Activity
For the word "metis", copy every line of the material that includes it.

Task material
lemma Delta_K_G_simplicial_complex: "G_simplicial_complex s r m i m r (Delta_K r m i K)"
  unfolding G_simplicial_complex_def
proof (intro conjI)
  show "G_space s r m i m r"
    by (rule G_space_mult)
  show "\<forall>\<delta>\<in>Delta_K r m i K. finite \<delta> \<and> \<delta> \<noteq> {} \<and> (\<exists>u. \<forall>y\<in>\<delta>. r y = u)"
  proof
    fix \<delta> assume "\<delta> \<in> Delta_K r m i K"
    then show "finite \<delta> \<and> \<delta> \<noteq> {} \<and> (\<exists>u. \<forall>y\<in>\<delta>. r y = u)"
      unfolding mem_Delta_K by blast
  qed
  show "\<forall>\<delta>\<in>Delta_K r m i K. \<forall>\<delta>'. \<delta>' \<subseteq> \<delta> \<and> \<delta>' \<noteq> {} \<longrightarrow> \<delta>' \<in> Delta_K r m i K"
    unfolding Delta_K_eq_flag_complex by (blast intro: flag_complex_subset)
  show "\<forall>\<delta>\<in>Delta_K r m i K. \<forall>g. (\<forall>y\<in>\<delta>. r y = s g) \<longrightarrow> m g ` \<delta> \<in> Delta_K r m i K"
    by (blast intro: Delta_K_translate)
qed

lemma Delta_K_finite_dimensional:
  assumes "compact K"
  shows "finite_dimensional (Delta_K r m i K)"
proof -
  obtain N where "\<And>u. finite (K \<inter> r -` {u})" "\<And>u. card (K \<inter> r -` {u}) \<le> N"
    using locally_injective_compact_fibres_bounded[OF _ assms]
      local_homeo_locally_injective[OF local_homeo_r] by metis
  then have "card \<delta> \<le> N" if "\<delta> \<in> Delta_K r m i K" "a \<in> \<delta>" for \<delta> a
    using card_Delta_K_le[OF that] le_trans by blast
  then show ?thesis
    unfolding finite_dimensional_def by (metis card.empty ex_in_conv zero_le)
qed

lemma Delta_K_H1:
  assumes "compact K"
  shows "H1 (Delta_K r m i K)"
  unfolding H1_def
proof (intro allI impI)
  fix K' :: "'g set" assume "compact K'"
  let ?T = "{(a, k) \<in> K' \<times> K. s a = r k \<and> i k \<in> K \<and> s a \<in> K \<and> s k \<in> K}"
  have "closed ({p. s (fst p) = r (snd p)} \<inter> (\<lambda>p. i (snd p)) -` K
           \<inter> (\<lambda>p. s (fst p)) -` K \<inter> (\<lambda>p. s (snd p)) -` K)"
    using compact_imp_closed[OF assms]
    by (intro closed_Int closed_Collect_eq closed_vimage continuous_intros)
  moreover have "?T = (K' \<times> K) \<inter> ({p. s (fst p) = r (snd p)} \<inter> (\<lambda>p. i (snd p)) -` K
           \<inter> (\<lambda>p. s (fst p)) -` K \<inter> (\<lambda>p. s (snd p)) -` K)"
    by auto
  ultimately have "compact ?T"
    using compact_Times[OF \<open>compact K'\<close> assms] by (simp add: compact_Int_closed)
  moreover have "continuous_on ?T (\<lambda>(a, k). m a k)"
    by (rule continuous_on_subset[OF continuous_on_mult]) auto
  ultimately show "compact {y. \<exists>y'\<in>K'. {y, y'} \<in> Delta_K r m i K}"
    unfolding Delta_K_neighbours_eq by (rule compact_continuous_image[rotated])
qed

lemma closed_Delta_K_relation:
  assumes "closed K"
  shows "closed {(a, b). r a = r b \<and> m (i a) b \<in> K}"
proof -
  let ?S = "{p. r (fst p) = r (snd p)}"
  have "closed ?S"
    by (intro closed_Collect_eq continuous_intros)
  moreover have "continuous_on ?S (\<lambda>p. m (i (fst p)) (snd p))"
    by (intro continuous_intros) auto
  ultimately have "closed (?S \<inter> (\<lambda>p. m (i (fst p)) (snd p)) -` K)"
    using assms by (intro continuous_closed_preimage)
  moreover have "?S \<inter> (\<lambda>p. m (i (fst p)) (snd p)) -` K = {(a, b). r a = r b \<and> m (i a) b \<in> K}"
    by auto
  ultimately show ?thesis
    by simp
qed

lemma Delta_K_H2:
  assumes "closed K"
  shows "H2 TYPE('i) (Delta_K r m i K)"
  unfolding Delta_K_eq_flag_complex
  using closed_Delta_K_relation[OF assms] by (rule H2_flag_complex)

lemma proper_action_mult: "proper_action s m r"
  unfolding proper_action_def
proof (intro allI impI)
  fix C :: "('g \<times> 'g) set" assume "compact C"
  let ?D = "{p. s (fst p) = s (snd p)}"
  let ?\<phi> = "\<lambda>p. (m (fst p) (i (snd p)), snd p)"
  have "closed ?D"
    by (intro closed_Collect_eq continuous_intros)
  moreover have "continuous_on ?D ?\<phi>"
    by (intro continuous_intros) auto
  moreover have "{(g, y). s g = r y \<and> (m g y, y) \<in> C} = ?\<phi> ` (C \<inter> ?D)"
  proof (intro equalityI subsetI)
    fix p assume "p \<in> {(g, y). s g = r y \<and> (m g y, y) \<in> C}"
    then obtain g y where p: "p = (g, y)" "s g = r y" "(m g y, y) \<in> C"
      by blast
    have "s (m g y) = s y" "m (m g y) (i y) = g"
      using p(2)[symmetric] by (simp_all add: s_mult mult_assoc)
    with p show "p \<in> ?\<phi> ` (C \<inter> ?D)"
      by (auto intro!: rev_image_eqI[of "(m g y, y)"])
  next
    fix p assume "p \<in> ?\<phi> ` (C \<inter> ?D)"
    then obtain x y where xy: "(x, y) \<in> C" "s x = s y" "p = (m x (i y), y)"
      by auto
    have "s (m x (i y)) = r y" "m (m x (i y)) y = x"
      using xy(2)[symmetric] by (simp_all add: s_mult mult_assoc)
    with xy show "p \<in> {(g, y). s g = r y \<and> (m g y, y) \<in> C}"
      by simp
  qed
  ultimately show "compact {(g, y). s g = r y \<and> (m g y, y) \<in> C}"
    using \<open>compact C\<close>
    by (auto intro: compact_continuous_image continuous_on_subset compact_Int_closed)
qed

lemma Delta_K_G_compact:
  assumes "compact K"
  shows "G_compact s m r (Delta_K r m i K)"
  unfolding G_compact_def
proof (intro exI conjI)
  have "closed (units r)"
    unfolding units_def by (intro closed_Collect_eq continuous_intros)
  then show "compact (K \<inter> units r)"
    by (rule compact_Int_closed[OF assms])
  show "{y. {y} \<in> Delta_K r m i K} = {m g c |g c. c \<in> K \<inter> units r \<and> s g = r c}"
  proof (intro equalityI subsetI)
    fix y assume "y \<in> {y. {y} \<in> Delta_K r m i K}"
    then have "s y \<in> K \<inter> units r"
      by (simp add: singleton_Delta_K_iff units_def)
    moreover have "y = m y (s y)" "s y = r (s y)"
      by simp_all
    ultimately show "y \<in> {m g c |g c. c \<in> K \<inter> units r \<and> s g = r c}"
      by blast
  next
    fix y assume "y \<in> {m g c |g c. c \<in> K \<inter> units r \<and> s g = r c}"
    then obtain g c where gc: "y = m g c" "c \<in> K" "r c = c" "s g = r c"
      by (auto simp: units_def)
    then have "s y = c"
      by (metis s_mult s_r)
    with gc(2) show "y \<in> {y. {y} \<in> Delta_K r m i K}"
      by (simp add: singleton_Delta_K_iff)
  qed
qed

end

theorem proposition3p26:
  fixes s r :: "'g::t2_space \<Rightarrow> 'g" and m :: "'g \<Rightarrow> 'g \<Rightarrow> 'g" and i :: "'g \<Rightarrow> 'g"
    and K :: "'g set"
  assumes "etale_groupoid s r m i" and "compact K"
  shows "G_simplicial_complex s r m i m r (Delta_K r m i K)
       \<and> finite_dimensional (Delta_K r m i K)
       \<and> H1 (Delta_K r m i K)
       \<and> H2 TYPE('i) (Delta_K r m i K)
       \<and> proper_action s m r
       \<and> G_compact s m r (Delta_K r m i K)"
proof -
  interpret etale s r m i
    by (rule etale.intro) (fact assms(1))
  show ?thesis
    using Delta_K_G_simplicial_complex Delta_K_finite_dimensional[OF assms(2)]
      Delta_K_H1[OF assms(2)] Delta_K_H2[OF compact_imp_closed[OF assms(2)]]
      proper_action_mult Delta_K_G_compact[OF assms(2)]
    by blast
qed

end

The completed task
      local_homeo_locally_injective[OF local_homeo_r] by metis
    unfolding finite_dimensional_def by (metis card.empty ex_in_conv zero_le)
      by (metis s_mult s_r)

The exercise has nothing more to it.